Service is equally sharp. On one visit, a clumsy chopstick move catapulted the sticks onto the floor. A server instantly swooped down to pick them up and replace them. The same maneuvers led to a quick fork replacement. Yet it's hard to attribute this to great service when we were practically the only ones in the restaurant.

On one visit, we ordered a fried soft-shell crab. Our server steered us away, advising that the remaining crabs in the kitchen weren't up to snuff and that the gentleman at the next table ordered the last worthy one. He pointed the man out, who sat alone drawing a few crispy crab legs past his lips. I'm not sure if this is good service or not.

We promptly subbed the crab with the sautéed foie gras on garden greens with fig and balsamic vinaigrette. Now, I've had sautéed foie gras that was soft and mushy. I've had sautéed foie gras that was slimy and runny. But never in my life have I had sautéed foie gras that was hard and cold. It was like eating an overcooked turkey giblet from a beer cooler. The top of the liver was scrawled with a bead of fig fudge that really didn't add to this miserable organ. Cold is a funky way to serve foie gras that isn't a pâté, and my guess is it was sautéed and then flung into the back of a cooler, which would have put a dent in the aluminum wall. This was more like liver sausage than it was a precious savory appetizer.

Other salads fared better. The grilled red ahi tuna perched against an Asian vegetable slaw was easily the best item on the menu. A gray sheet of tuna with stark black crosshatched grill marks singed across the surface was like silk in the mouth, with squeaky-clean flavors.

The grilled chicken salad wasn't far behind. Thin sheets of grilled chicken breast were tiled around a summit of Asian slaw. The chicken was moist, exquisitely seasoned and tender enough to parse with chopsticks.

But God help me, what in the world is the black-onion-seed-crusted rack of lamb? Is this a prototype, or is it an attempt at camp? An Indian and Middle Eastern spice, black onion seeds are generally toasted or dry roasted before they're inserted into food. But these were...words escape me. The spongy sour lamb meat was pimpled with these black gnatlike scraps that made your teeth squeak when you chewed. It was like eating a forkful of plastic grommets.

Much better was the crispy red snapper with bamboo shoots and shiitake mushrooms, but not by much.

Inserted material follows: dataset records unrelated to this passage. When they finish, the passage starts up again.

lemma (in group_action) sum_card_orbit_level_diff_le:
  assumes M: "set_mset M \<subseteq> carrier G" and x: "x \<in> E" and s: "s \<in> carrier G"
  defines "P \<equiv> image_mset (\<lambda>g. \<phi> g x) M"
  shows "(\<Sum>t<size M. card (\<phi> s ` mset_level P t - mset_level P t))
    \<le> size (image_mset (\<lambda>g. s \<otimes> g) M - M)"
proof -
  have P_E: "set_mset P \<subseteq> E"
    using M x element_image by (auto simp: P_def)
  have translate: "image_mset (\<phi> s) P = image_mset (\<lambda>g. \<phi> g x) (image_mset (\<lambda>g. s \<otimes> g) M)"
    unfolding P_def multiset.map_comp using M x s composition_rule
    by (intro image_mset_cong) auto
  have "(\<Sum>t<size M. card (\<phi> s ` mset_level P t - mset_level P t)) = size (image_mset (\<phi> s) P - P)"
    using size_diff_eq_sum_mset_level[of "image_mset (\<phi> s) P" "size M" P]
      mset_level_image_mset[OF inj_on_subset[OF inj_prop[OF s] P_E]]
    by (simp add: P_def)
  also have "\<dots> \<le> size (image_mset (\<lambda>g. s \<otimes> g) M - M)"
    unfolding translate unfolding P_def by (rule size_image_mset_diff_le)
  finally show ?thesis .
qed

lemma le_card_vertex_boundary_of_h_ver:
  assumes h: "ereal \<epsilon> \<le> h_ver \<Omega> \<phi> S" and X: "X \<subseteq> \<Omega>" "2 * card X \<le> card \<Omega>"
  shows "\<epsilon> * card X \<le> card (vertex_boundary \<Omega> \<phi> S X)"
proof (cases "card X = 0")
  case False
  then have "X \<in> {X. X \<subseteq> \<Omega> \<and> X \<noteq> {} \<and> real (card X) \<le> real (card \<Omega>) / 2}"
    using X by auto
  then have "ereal \<epsilon> \<le> ereal (real (card (vertex_boundary \<Omega> \<phi> S X)) / real (card X))"
    using h unfolding h_ver_def by (meson INF_lower order_trans)
  then show ?thesis
    using False by (simp add: pos_le_divide_eq mult.commute)
qed simp

text \<open>The level sets of the orbit image of a Folner multiset are almost invariant on
  average, so one of them has a small boundary.\<close>
lemma (in group_action) h_ver_le_of_folner_mset:
  assumes E: "finite E" and S: "S \<subseteq> carrier G" "\<And>s. s \<in> S \<Longrightarrow> inv s \<in> S" "finite S"
    and M: "folner_mset G S \<delta> M" "set_mset M \<subseteq> carrier G" "2 * size M \<le> card E"
  shows "h_ver E \<phi> S \<le> ereal (real (card S) * \<delta>)"
proof (rule ccontr)
  assume "\<not> ?thesis"
  then obtain \<epsilon> where \<epsilon>: "real (card S) * \<delta> < \<epsilon>" "ereal \<epsilon> \<le> h_ver E \<phi> S"
    by (meson ereal_dense2 less_imp_le not_le ereal_less_eq(3) order.strict_trans1)
  have "size M > 0"
    using M(1) by (simp add: folner_mset_def nonempty_has_size)
  then obtain x where x: "x \<in> E"
    using M(3) by fastforce
  define P where "P = image_mset (\<lambda>g. \<phi> g x) M"
  have level_E: "mset_level P t \<subseteq> E" for t
    using mset_level_subset M(2) x element_image by (fastforce simp: P_def)
  have level_small: "2 * card (mset_level P t) \<le> card E" for t
    using card_mono[OF _ mset_level_subset, of P t] card_set_mset_le[of P] M(3)
    by (simp add: P_def)
  have "\<epsilon> * size M = (\<Sum>t<size M. \<epsilon> * card (mset_level P t))"
    using sum_card_mset_level[of P "size M"]
    by (simp add: P_def flip: sum_distrib_left of_nat_sum)
  also have "\<dots> \<le> (\<Sum>t<size M. real (card (vertex_boundary E \<phi> S (mset_level P t))))"
    by (intro sum_mono le_card_vertex_boundary_of_h_ver[OF \<epsilon>(2) level_E level_small])
  also have "\<dots> \<le> (\<Sum>t<size M. \<Sum>s\<in>S. real (card (\<phi> s ` mset_level P t - mset_level P t)))"
    using card_vertex_boundary_le[OF S finite_subset[OF level_E E]]
    by (intro sum_mono) (simp flip: of_nat_sum)
  also have "\<dots> = (\<Sum>s\<in>S. real (\<Sum>t<size M. card (\<phi> s ` mset_level P t - mset_level P t)))"
    by (subst sum.swap) simp
  also have "\<dots> \<le> (\<Sum>s\<in>S. \<delta> * size M)"
  proof (rule sum_mono)
    fix s assume "s \<in> S"
    then show "real (\<Sum>t<size M. card (\<phi> s ` mset_level P t - mset_level P t)) \<le> \<delta> * size M"
      using sum_card_orbit_level_diff_le[OF M(2) x, of s] S(1) M(1)
      unfolding P_def folner_mset_def by (meson of_nat_le_iff order_trans subsetD)
  qed
  also have "\<dots> = real (card S) * \<delta> * size M"
    by simp
  finally show False
    using \<epsilon>(1) \<open>size M > 0\<close> by simp
qed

It was a little overfried, or inconsistently fried. Portions were dry and leathery. Other spots were crisp and moist. Still other parts were spongy while others were just plain mushy. Plus the broth in which it swam had too much fish sauce.

The end of the meal landed where the rest of the meal rarely hovered above: mediocrity. Ethniko's apple tart was built on a mushy crust--almost fuzzy in texture. The apples were dry and void of tang. It was just limp, and eating it was like working a puff of wet fuzz around the mouth.

Like the word itself, ethniko is hard to understand in the context of Samuel's past accomplishments. By regular restaurant standards, ethniko barely keeps its head above water. By Samuel standards, it's a wreck, one that has gone to pot well before its time.